Posted on 22 December 2010 by Puck
Nora Ephron typically makes a certain type of movie. That movie: one which I do not care about. Her most acclaimed films run the gammit between romantic comedies starring Tom Hanks to other romantic comedies starring Tom Hanks. A bit of filler movies with Will Ferrell and Meryl Streep fill in the gaps. The thing I was most excited about with Mixed Nuts was Parker Posey, who I learned to love in Scream 3. Sadly, she appears with Jon Stewart in roughly 80 seconds of the movie. At least I had another Scream series vet to bide time with.
Mixed Nuts centers around a crisis hotline on Christmas Eve. Phillip (Steve Martin) runs this help center although needing some help himself with an immanent breakup, a pending eviction, and stupid people surrounding him. His neurotic co-worker Catherine (Rita Wilson) has a friend of sorts Grace (Juliette Lewis) who is potentially nine months pregnant by her seven-month paroled boyfriend Felix (Anthony LaPaglia). The other hotline worker is Mrs. Munchnik (Madeline Kahn), an older, battier woman who derives pleasure from absolutely nothing. When they meet up with Adam Sandler (Adam Sandler) and a cross-dressing Liev Schreiber, attempted comedy ensues involving dog tranquilizers, loaded handguns, and a serial killer.
On the surface, Mixed Nuts attempts to offer to the cinematic gods of yore the joy of an absurdist comedy set around a suicide prevention center at Christmas. After all, what could be better than a Christmas movie about overtly generic characters that endure such crazy situations? Oh, the answer is anything other than this movie. For a comedy, there sure was not too much funny in it. It is surprising that so many fairly good actors showed up only to be stuck in such forced, unbelievable, and very predictable predicaments. There is very little that is surprising about what unfolds in this movie: we have the unrequited love between two office mates, the shrill old woman turns around her ways, and the white trash couple fight a lot. With stock characters, it is difficult but not impossible to create a decent movie but we learn and care so little about the group that it really is inconsequential who shacks up with who, who makes it to Christmas dinner on time, or what will become of them all afterwards.
Given that I’ve never really liked Steve Martin, I wasn’t surprised to find him a bore in this movie that in better hands could have been much better. This was made apparently in the time that he was able to dye his hair but unable to behave in any other way than manically unfunny. At least he was better than the more-often-than-not unfunny Adam Sandler. He plays a ukulele and sings in the traditional Adam Sandler voice. The late Kahn is delightful though even if her character is not. The real star was Schreiber as the gender-bending Chris. Perhaps it is just because I enjoy the actor but seeing him attempt to pull off a woman with such a distinctive voice and stocky build was entertaining.

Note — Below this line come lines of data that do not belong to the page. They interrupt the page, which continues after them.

lemma perc_qpar_mult:
  assumes fin: "finite E" and \<eta>E: "\<eta> \<subseteq> E" and nz: "\<forall>e\<in>\<eta>. 1 + x e * (1 - p e) \<noteq> 0"
  shows "perc E (qpar p x) \<eta> * perc (E - \<eta>) p {} = prod x \<eta> * (\<Prod>e\<in>E. (1 - qpar p x e) * (1 - p e))"
proof -
  let ?q = "qpar p x"
  have "perc E ?q \<eta> = prod ?q \<eta> * (\<Prod>e\<in>E - \<eta>. 1 - ?q e)"
    using perc_split[OF fin \<eta>E \<eta>E] by (simp add: perc_self perc_empty)
  also have "prod ?q \<eta> = prod x \<eta> * (\<Prod>e\<in>\<eta>. (1 - ?q e) * (1 - p e))"
    using nz qpar_eq[of x _ p] by (simp add: prod.distrib[symmetric] mult_ac cong: prod.cong)
  also have "(\<Prod>e\<in>E. (1 - ?q e) * (1 - p e))
      = (\<Prod>e\<in>E - \<eta>. (1 - ?q e) * (1 - p e)) * (\<Prod>e\<in>\<eta>. (1 - ?q e) * (1 - p e))"
    using fin \<eta>E by (simp add: prod.subset_diff)
  ultimately show ?thesis
    by (simp add: perc_empty prod.distrib mult_ac)
qed

lemma joint_w_eq_perc:
  assumes fin: "finite E" and \<Sigma>E: "\<Sigma> \<subseteq> Pow E"
  shows "joint_w E p x \<Sigma> \<omega> \<eta>
    = (if \<eta> \<in> \<Sigma> then perc \<eta> p \<omega> * (gamma E p x \<Sigma> \<eta> * perc (E - \<eta>) p {}) else 0)"
proof (cases "\<eta> \<in> \<Sigma> \<and> \<omega> \<subseteq> \<eta>")
  case True
  then have "\<eta> \<subseteq> E" "\<omega> \<subseteq> E" "\<omega> \<inter> \<eta> = \<omega>" "\<omega> - \<eta> = {}"
    using \<Sigma>E by auto
  then have "perc E p \<omega> = perc \<eta> p \<omega> * perc (E - \<eta>) p {}"
    using perc_split[OF fin] by metis
  then show ?thesis
    using True \<open>\<omega> \<subseteq> E\<close> by (simp add: joint_w_def up_set_def rho_def)
qed (auto simp: joint_w_def up_set_def perc_outside)

lemma sum_joint_w:
  assumes fin: "finite E" and \<Sigma>E: "\<Sigma> \<subseteq> Pow E"
  shows "(\<Sum>\<omega>\<in>Pow E. joint_w E p x \<Sigma> \<omega> \<eta>)
    = (if \<eta> \<in> \<Sigma> then gamma E p x \<Sigma> \<eta> * perc (E - \<eta>) p {} else 0)"
proof (cases "\<eta> \<in> \<Sigma>")
  case True
  then have "\<eta> \<subseteq> E" using \<Sigma>E by auto
  then have "(\<Sum>\<omega>\<in>Pow E. perc \<eta> p \<omega>) = (\<Sum>\<omega>\<in>Pow \<eta>. perc \<eta> p \<omega>)"
    using fin by (intro sum.mono_neutral_right) (auto simp: perc_outside)
  also have "\<dots> = 1"
    using fin \<open>\<eta> \<subseteq> E\<close> by (intro sum_perc_Pow) (rule finite_subset)
  finally show ?thesis
    using True by (simp add: joint_w_eq_perc[OF fin \<Sigma>E] sum_distrib_right[symmetric])
qed (simp add: joint_w_eq_perc[OF assms])

lemma joint_eq_perc_marg_Sigma:
  assumes "finite E" "\<Sigma> \<subseteq> Pow E"
  shows "joint E p x \<Sigma> \<omega> \<eta> = (if \<eta> \<in> \<Sigma> then perc \<eta> p \<omega> * marg_Sigma E p x \<Sigma> \<eta> else 0)"
proof -
  let ?Z = "\<Sum>(a, b)\<in>Pow E \<times> \<Sigma>. joint_w E p x \<Sigma> a b"
  have "marg_Sigma E p x \<Sigma> \<eta> = (if \<eta> \<in> \<Sigma> then gamma E p x \<Sigma> \<eta> * perc (E - \<eta>) p {} else 0) / ?Z"
    by (simp add: marg_Sigma_def joint_def sum_divide_distrib[symmetric] sum_joint_w[OF assms])
  then show ?thesis
    by (simp add: joint_def joint_w_eq_perc[OF assms, where \<omega> = \<omega> and \<eta> = \<eta>])
qed

lemma marg_Sigma_eq:
  assumes fin: "finite E" and p01: "\<forall>e\<in>E. 0 < p e \<and> p e < 1" and xpos: "\<forall>e\<in>E. 0 < x e"
    and \<Sigma>E: "\<Sigma> \<subseteq> Pow E" and \<Sigma>ne: "\<Sigma> \<noteq> {}"
  shows "marg_Sigma E p x \<Sigma> \<eta> = (if \<eta> \<in> \<Sigma> then prod x \<eta> / (\<Sum>\<eta>'\<in>\<Sigma>. prod x \<eta>') else 0)"
proof -
  let ?q = "qpar p x"
  define c where "c = (\<Prod>e\<in>E. (1 - ?q e) * (1 - p e)) / sum (perc E ?q) \<Sigma>"
  have pos: "0 < x e * (1 - p e)" if "e \<in> E" for e
    using that p01 xpos by simp
  then have q01: "\<forall>e\<in>E. 0 < ?q e \<and> ?q e < 1"
    by (simp add: qpar_bounds)
  have "finite \<Sigma>"
    using \<Sigma>E fin by (meson finite_Pow_iff finite_subset)
  then have "0 < sum (perc E ?q) \<Sigma>"
    using \<Sigma>ne \<Sigma>E perc_pos[OF fin q01] by (intro sum_pos) auto
  moreover have "(\<Prod>e\<in>E. (1 - ?q e) * (1 - p e)) \<noteq> 0"
    using q01 p01 by (fastforce simp: prod_zero_iff[OF fin])
  ultimately have "c \<noteq> 0"
    by (simp add: c_def)
  have weight: "(\<Sum>\<omega>\<in>Pow E. joint_w E p x \<Sigma> \<omega> \<eta>) = (if \<eta> \<in> \<Sigma> then c * prod x \<eta> else 0)" for \<eta>
  proof (cases "\<eta> \<in> \<Sigma>")
    case True
    then have "\<eta> \<subseteq> E" using \<Sigma>E by auto
    moreover have "\<forall>e\<in>\<eta>. 1 + x e * (1 - p e) \<noteq> 0"
      using \<open>\<eta> \<subseteq> E\<close> pos by (fastforce dest: add_pos_pos[OF zero_less_one])
    ultimately show ?thesis
      using True perc_qpar_mult[OF fin]
      by (simp add: sum_joint_w[OF fin \<Sigma>E] gamma_def cond_def c_def)
  qed (simp add: sum_joint_w[OF fin \<Sigma>E])
  have "(\<Sum>(a, b)\<in>Pow E \<times> \<Sigma>. joint_w E p x \<Sigma> a b) = (\<Sum>b\<in>\<Sigma>. \<Sum>a\<in>Pow E. joint_w E p x \<Sigma> a b)"
    by (simp add: sum.cartesian_product[symmetric] sum.swap[of _ "Pow E"])
  also have "\<dots> = c * (\<Sum>\<eta>'\<in>\<Sigma>. prod x \<eta>')"
    by (simp add: weight sum_distrib_left)
  finally have "(\<Sum>(a, b)\<in>Pow E \<times> \<Sigma>. joint_w E p x \<Sigma> a b) = c * (\<Sum>\<eta>'\<in>\<Sigma>. prod x \<eta>')" .
  then show ?thesis
    using \<open>c \<noteq> 0\<close>
    by (simp add: marg_Sigma_def joint_def sum_divide_distrib[symmetric] weight)
qed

There are far too many decent Christmas comedies out there that watching this is just as futile as running a suicide hotline. You know some are not worth saving.
Posted on 20 December 2010 by Puck
For a review of Scrooged, I could just point you to the first ever Movie Scum Episode up to the 2:45 mark and that would about summarize my thoughts on the movie. Based on Charles Dickens’ A Christmas Carol, Bill Murray assumes the role of Scrooge as Frank Cross, a deplorably inhumane man who thrives on the mean-streak that everyone else would just as rather ignore. As the president of a major television network, he takes great joy in firing those who rub him wrong and being miserly when we assume that he has all the wealth in the world. Frank is warned of his depraved ways by his late boss (John Forsythe) who also informs him of the coming of three ghosts. The ghosts of Christmas past, present, and future all show Frank something he either wanted to forget or wanted to ignore in the hopes of turning him into less of a douchebag.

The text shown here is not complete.